The Theodoric Of Saga
Theodoric's Ancestors
Theodoric's Boyhood
Totila



Theodoric's Boyhood








Inroad of the Huns--Their defeat by Walamir--Birth of Theodoric--War
with the Eastern Empire--Theodoric a hostage--Description of
Constantinople--Its commerce and its monuments.


The Ostrogoths had yet one or two battles to fight before they were
quite rid of their old masters. The sons of Attila still talked of them
as deserters and fugitive slaves, and a day came when Walamir found
himself compelled to face a sudden inroad of the Huns. He had few men
with him, and being taken unawares, he had no time to summon his
brethren to his aid. But he held his own bravely: the warriors of his
nation had time to gather round him; and at last, after he had long
wearied the enemy with his defensive tactics, he made a sudden onset,
destroyed the greater part of the Hunnish army, and sent the rest
scattered in hopeless flight far into the deserts of Scythia.[14]

[Footnote 14: Jordanes (cap. iii) says that the fugitive Huns sought
those parts of Scythia past which flow the streams of the river Dnieper
which the Huns in their own tongue call 'Var' (the river). If this is
correctly stated it is almost certain that it must describe some battle
which happened before the great Western migration of the Ostrogoths,
which was mentioned in the last chapter, for it would be impossible, if
the Gepidae were in Trans-danubian Hungary and the Ostrogoths in Pannonia
that the Ostrogoths should have driven the Huns into the countries
watered by the Dnieper. I am rather inclined to believe that this
reference of the battle to an earlier period may be the correct
explanation. But Danapri (Dnieper) may be only a blunder of Jordanes,
who is often hopelessly wrong in his geography.]

Walamir at once sent tidings of the victory to his brother Theudemir.
The messenger arrived at an opportune moment, for on that very day
Erelieva, the unwedded wife of Theudemir, had given birth to a
man-child. This infant, born on such an auspicious day and looked upon
as a pledge of happy fortunes for the Ostrogothic nation, was named
Thiuda-reiks (the people-ruler), a name which Latin historians,
influenced perhaps by the analogy of Theodosius, changed into
Theodoricus, and which will here be spoken of under the well-known form
THEODORIC.[15]


It will be observed that I have spoken of Erelieva as the unwedded wife
of Theudemir.

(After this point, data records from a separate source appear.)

(* Consider the unit sphere $\mathbb{S}^2$ in the coordinates $(\varphi,\theta)=(\arcsin z,\operatorname{atan2}(y,x))\in\,]-\tfrac{\pi}{2},\tfrac{\pi}{2}[\,\times\,]-\pi,\pi]$, equipped with the distance $$\tilde d((\theta_1,\varphi_1),(\theta_2,\varphi_2))=\sqrt{\big((\varphi_1-\varphi_2)\bmod\pi\big)^2+\big((\theta_1-\theta_2)\bmod 2\pi\big)^2}$$ and with the uniform probability measure, which in these coordinates is $\nu=\cos\varphi\,\frac{d\varphi\,d\theta}{4\pi}$. Then the MaxEnt posterior of $(\nu,\{\varphi=0\})$ is $\frac{1}{2\pi}\,d\theta\times\delta_0(\varphi)$, while the MaxEnt posterior of $(\nu,\{\theta=0\}\cup\{\theta=\pi\})$ is $\frac{\cos\varphi}{4}\,d\varphi\times(\delta_0(\theta)+\delta_\pi(\theta))$.
   Context: MaxEnt posterior: on a metric space $(W,\rho)$ with Borel $\sigma$-algebra forming a standard Borel space, with prior Radon probability measure $\nu$, closed set $A\subset\mathrm{Supp}(\nu)$ and a fixed $R>0$, consider for each $\sigma>0$ the problem $\inf_\mu\{\mathrm{Ent}_\nu(\mu): \mu(W)=1,\ \int_W \rho_R(w,A)^2\,d\mu(w)\le\sigma^2\}$, where $\rho_R=\min(\rho,R)$, $\rho(w,A)=\inf_{a\in A}\rho(w,a)$, and $\mathrm{Ent}_\nu(\mu)=\int \frac{d\mu}{d\nu}\ln\frac{d\mu}{d\nu}\,d\nu$ if $\mu\ll\nu$, $+\infty$ otherwise. If for every $\sigma>0$ the infimum is attained by a unique $\mu_\sigma$ and $\mu_\sigma$ converges weakly as $\sigma\to0$, the limit is the MaxEnt posterior of $(\nu,A)$. Here $\operatorname{atan2}(y,x)=2\arctan\frac{y}{\sqrt{x^2+y^2}+x}$; $d\varphi,d\theta$ are Lebesgue measures and $\delta$ denotes Dirac masses. *)

theory Defs
  imports "HOL-Probability.Probability"
begin

definition dist_to_set :: "('a \<Rightarrow> 'a \<Rightarrow> real) \<Rightarrow> 'a set \<Rightarrow> 'a \<Rightarrow> real" where
  "dist_to_set \<rho> A w = (INF a\<in>A. \<rho> w a)"

definition trunc_dist :: "('a \<Rightarrow> 'a \<Rightarrow> real) \<Rightarrow> real \<Rightarrow> 'a set \<Rightarrow> 'a \<Rightarrow> real" where
  "trunc_dist \<rho> R A w = min (dist_to_set \<rho> A w) R"

text \<open>Since f ln f >= -exp(-1) and nu is a probability measure,
  the (possibly infinite) integral is written as a nonnegative integral minus exp(-1).\<close>
definition Ent :: "'a measure \<Rightarrow> 'a measure \<Rightarrow> ereal" where
  "Ent \<nu> \<mu> =
     (if absolutely_continuous \<nu> \<mu> then
        enn2ereal (\<integral>\<^sup>+ w. ennreal
            (enn2real (RN_deriv \<nu> \<mu> w) * ln (enn2real (RN_deriv \<nu> \<mu> w)) + exp (-1)) \<partial>\<nu>)
        - ereal (exp (-1))
      else \<infinity>)"

definition maxent_feasible ::
  "'a measure \<Rightarrow> ('a \<Rightarrow> 'a \<Rightarrow> real) \<Rightarrow> real \<Rightarrow> 'a set \<Rightarrow> real \<Rightarrow> 'a measure \<Rightarrow> bool" where
  "maxent_feasible \<nu> \<rho> R A \<sigma> \<mu> \<longleftrightarrow>
     sets \<mu> = sets \<nu> \<and> prob_space \<mu> \<and>
     (\<integral>\<^sup>+ w. ennreal ((trunc_dist \<rho> R A w)\<^sup>2) \<partial>\<mu>) \<le> ennreal (\<sigma>\<^sup>2)"

definition maxent_minimizer ::
  "'a measure \<Rightarrow> ('a \<Rightarrow> 'a \<Rightarrow> real) \<Rightarrow> real \<Rightarrow> 'a set \<Rightarrow> real \<Rightarrow> 'a measure \<Rightarrow> bool" where
  "maxent_minimizer \<nu> \<rho> R A \<sigma> \<mu> \<longleftrightarrow>
     maxent_feasible \<nu> \<rho> R A \<sigma> \<mu> \<and>
     (\<forall>\<mu>'. maxent_feasible \<nu> \<rho> R A \<sigma> \<mu>' \<longrightarrow> Ent \<nu> \<mu> \<le> Ent \<nu> \<mu>')"

definition metric_continuous :: "('a \<Rightarrow> 'a \<Rightarrow> real) \<Rightarrow> 'a set \<Rightarrow> ('a \<Rightarrow> real) \<Rightarrow> bool" where
  "metric_continuous \<rho> W f \<longleftrightarrow>
     (\<forall>x\<in>W. \<forall>e>0. \<exists>d>0. \<forall>y\<in>W. \<rho> x y < d \<longrightarrow> \<bar>f y - f x\<bar> < e)"

definition weak_conv_metric ::
  "('a \<Rightarrow> 'a \<Rightarrow> real) \<Rightarrow> 'a set \<Rightarrow> ('b \<Rightarrow> 'a measure) \<Rightarrow> 'a measure \<Rightarrow> 'b filter \<Rightarrow> bool" where
  "weak_conv_metric \<rho> W \<mu>s P F \<longleftrightarrow>
     (\<forall>f. (\<exists>B. \<forall>x\<in>W. \<bar>f x\<bar> \<le> B) \<and> metric_continuous \<rho> W f \<longrightarrow>
        ((\<lambda>s. \<integral>x. f x \<partial>(\<mu>s s)) \<longlongrightarrow> (\<integral>x. f x \<partial>P)) F)"

definition maxent_posterior ::
  "'a measure \<Rightarrow> ('a \<Rightarrow> 'a \<Rightarrow> real) \<Rightarrow> real \<Rightarrow> 'a set \<Rightarrow> 'a measure \<Rightarrow> bool" where
  "maxent_posterior \<nu> \<rho> R A P \<longleftrightarrow>
     (\<forall>\<sigma>>0. \<exists>!\<mu>. maxent_minimizer \<nu> \<rho> R A \<sigma> \<mu>) \<and>
     weak_conv_metric \<rho> (space \<nu>) (\<lambda>\<sigma>. THE \<mu>. maxent_minimizer \<nu> \<rho> R A \<sigma> \<mu>) P (at_right 0)"

text \<open>Points are pairs (phi, theta).\<close>
definition W_S2 :: "(real \<times> real) set" where
  "W_S2 = {-pi/2<..<pi/2} \<times> {-pi<..pi}"

text \<open>x mod p read as the distance from x to the nearest multiple of p.\<close>
definition per_mod :: "real \<Rightarrow> real \<Rightarrow> real" where
  "per_mod x p = \<bar>x - p * of_int (round (x / p))\<bar>"

definition dS2 :: "real \<times> real \<Rightarrow> real \<times> real \<Rightarrow> real" where
  "dS2 a b = sqrt ((per_mod (fst a - fst b) pi)\<^sup>2 + (per_mod (snd a - snd b) (2 * pi))\<^sup>2)"

definition M_S2 :: "(real \<times> real) measure" where
  "M_S2 = restrict_space lborel W_S2"

definition nu_S2 :: "(real \<times> real) measure" where
  "nu_S2 = density M_S2 (\<lambda>x. ennreal (cos (fst x) / (4 * pi)))"

definition equator :: "(real \<times> real) set" where
  "equator = {x \<in> W_S2. fst x = 0}"

definition meridians :: "(real \<times> real) set" where
  "meridians = {x \<in> W_S2. snd x = 0 \<or> snd x = pi}"

definition post_equator :: "(real \<times> real) measure" where
  "post_equator = distr
     (count_space {0} \<Otimes>\<^sub>M density (restrict_space lborel {-pi<..pi}) (\<lambda>_. ennreal (1 / (2 * pi))))
     M_S2 (\<lambda>x. x)"

definition post_meridians :: "(real \<times> real) measure" where
  "post_meridians = distr
     (density (restrict_space lborel {-pi/2<..<pi/2}) (\<lambda>\<phi>. ennreal (cos \<phi> / 4)) \<Otimes>\<^sub>M count_space {0, pi})
     M_S2 (\<lambda>x. x)"

end

(*
  For each \<sigma> > 0 the entropy minimiser under the constraint on the mean of
  g = \<rho>_R(\<cdot>, A)^2 is the Gibbs measure with density exp (- \<lambda> g) / Z: the multiplier
  \<lambda> \<ge> 0 is found by the intermediate value theorem, since the Gibbs mean of g is
  continuous in \<lambda> and tends to 0 (g takes small values with positive probability),
  and minimality and uniqueness follow from the tangent inequality for x ln x.

  For the equator the density depends on the latitude only, for the meridians on the
  longitude only.  Averaging a test function f over the other coordinate writes
  \<integral> f d\<mu>_\<sigma> as \<integral> q_\<sigma> H against a one-dimensional probability density q_\<sigma> whose
  second moment of min |t| R is at most \<sigma>^2, so by Chebyshev's inequality it tends to
  H 0, which is the integral of f against the claimed limit.  For the meridians the
  longitudes \<theta> and \<theta> \<plusminus> \<pi> are first folded together, which is why H averages over
  both meridians.
*)

theory Submission
  imports Defs "HOL-Real_Asymp.Real_Asymp"
begin

section \<open>Entropy minimisers are Gibbs measures\<close>

lemma xlnx_ge_tangent:
  fixes a b :: real
  assumes "0 \<le> a" "0 < b"
  shows "a * ln b + a - b \<le> a * ln a"
proof (cases "a = 0")
  case False
  with assms have a: "0 < a" by simp
  have "a * ln (b / a) \<le> a * (b / a - 1)"
    using ln_le_minus_one[of "b / a"] a assms by (intro mult_left_mono) auto
  with a assms show ?thesis by (simp add: ln_div algebra_simps)
qed (use assms in simp)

The Gothic historian calls her his concubine,[16] but this
word of reproach hardly does justice to her position. In many of the
Teutonic nations, as among the Norsemen of a later century, there seems
to have been a certain laxity as to the marriage rite, which was
nevertheless coincident with a high and pure morality. It has been
suggested that the severe conditions imposed by the Church on divorces
may have had something to do with the peculiar marital usages of the
Teutonic and Norse chieftains. Reasons of state might require Theudemir
the Ostrogoth, or William Longsword the Norman, to ally himself some day
with a powerful king's daughter, and therefore he would not go through
the marriage rite with the woman, really and truly his wife, but
generally his inferior in social position, who meanwhile governed his
house and bore him children. If the separation never came, and the
powerful king's daughter never had to be wooed, she who was wife in all
but name, retained her position unquestioned till her death, and her
children succeeded without dispute to the inheritance of their father.
The nearest approach to an illustration which the social usages of
modern Europe afford, is probably furnished by the morganatic
marriages of modern German royalties and serenities: and we might say
that Theodoric was the offspring of such an union. Notwithstanding the
want of strict legitimacy in his position, I do not remember any
occasion on which the taunt of bastard birth was thrown in his teeth,
even by the bitterest of his foes.

It would be satisfactory if we could fix with exactness the great
Ostrogoth's birth-year, but though several circumstances point to 454
as a probable date, we are not able to define it with greater
precision.[17]

The next event of which we are informed in the history of the
Ostrogothic nation, a war with the Eastern Empire, was one destined to
exert a most important influence on the life of the kingly child, The
Ostrogoths settling in Pannonia, one of the provinces of the Roman
Empire, were in theory allies and auxiliary soldiers[18] of the Emperor.
Similar arrangements had been made with the Visigoths in Spain, with the
Vandals in that very province of Pannonia, probably with many other
barbarian tribes in many other provinces. There was sometimes more,
sometimes less, actual truth in the theoretical relations thus
established, and it was one which in the nature of things was not likely
long to endure: but for the time, so long as the Imperial treasury was
tolerably full and the barbarian allies tolerably amenable to control,
the arrangement suited both parties. In the case before us the position
of the Ostrogoths in Pannonia was legalised by the alliance, and such
portions of the political machinery of the Empire as might still remain
were thereby placed at their disposal. The Emperor, on the other hand,
was able to boast of a province recovered for the Empire, which was now
guarded by the broadswords of his loyal Ostrogoths against the more
savage nations outside, who were ever trying to enter the charmed
circle of the Roman State. But as the Ostrogothic foederati were his
soldiers, there was evidently a necessity that he must send them pay,
and this pay, which was called wages when the Empire was strong, and
tribute when it was weak, consisted, partly at any rate, of heavy chests
of Imperial aurei,[19] sent as strenae[20] or New Year's presents,
to the barbarian king and his chief nobles.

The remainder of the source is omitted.